━━━ Material for this exercise
lemma transpose_blockM: "transpose (blockM d ns ix M p q) = blockM d ns ix (transpose M) q p"
  by (simp add: blockM_def transpose_def vec_eq_iff)

lemma blockM_uminus: "blockM d ns ix (- M) p q = - blockM d ns ix M p q"
  by (simp add: blockM_def vec_eq_iff)

lemma sum_blockM_mult_entry:
  assumes "finite L" "blk d ns ix i = p" "blk d ns ix j = q"
    and "\<And>r. blk d ns ix r \<notin> L \<Longrightarrow> M $ i $ r * N $ r $ j = 0"
  shows "(\<Sum>l\<in>L. blockM d ns ix M p l ** blockM d ns ix N l q) $ i $ j = (M ** N) $ i $ j"
proof -
  let ?b = "blk d ns ix"
  have "(\<Sum>l\<in>L. blockM d ns ix M p l ** blockM d ns ix N l q) $ i $ j
      = (\<Sum>l\<in>L. \<Sum>r\<in>UNIV. if ?b r = l then M $ i $ r * N $ r $ j else 0)"
    unfolding sum_component matrix_mult_entry
    using assms(2,3) by (intro sum.cong refl) (simp add: blockM_def)
  also have "\<dots> = (\<Sum>r\<in>UNIV. \<Sum>l\<in>L. if ?b r = l then M $ i $ r * N $ r $ j else 0)"
    by (rule sum.swap)
  also have "\<dots> = (\<Sum>r\<in>UNIV. M $ i $ r * N $ r $ j)"
    using assms(1,4) by (intro sum.cong) (auto simp: sum.delta)
  finally show ?thesis
    by (simp add: matrix_mult_entry)
qed

lemma matrix_mult_Jmat_entry:
  "(A ** Jmat d ns ix k) $ i $ j = A $ i $ j * (if blk d ns ix j = k then 1 else -1)"
proof -
  have "(A ** Jmat d ns ix k) $ i $ j
      = (\<Sum>r\<in>UNIV. if r = j then A $ i $ r * (if blk d ns ix r = k then 1 else -1) else 0)"
    unfolding matrix_matrix_mult_def Jmat_def vec_lambda_beta by (rule sum.cong) auto
  then show ?thesis by simp
qed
━━━━━━
__About this task__. Write the opening line of the data above and every line after it, exactly, stopping once you have written the line with "by (simp add: blockM_def vec_eq_iff)".

__Exercise response__.
lemma transpose_blockM: "transpose (blockM d ns ix M p q) = blockM d ns ix (transpose M) q p"
  by (simp add: blockM_def transpose_def vec_eq_iff)

lemma blockM_uminus: "blockM d ns ix (- M) p q = - blockM d ns ix M p q"
  by (simp add: blockM_def vec_eq_iff)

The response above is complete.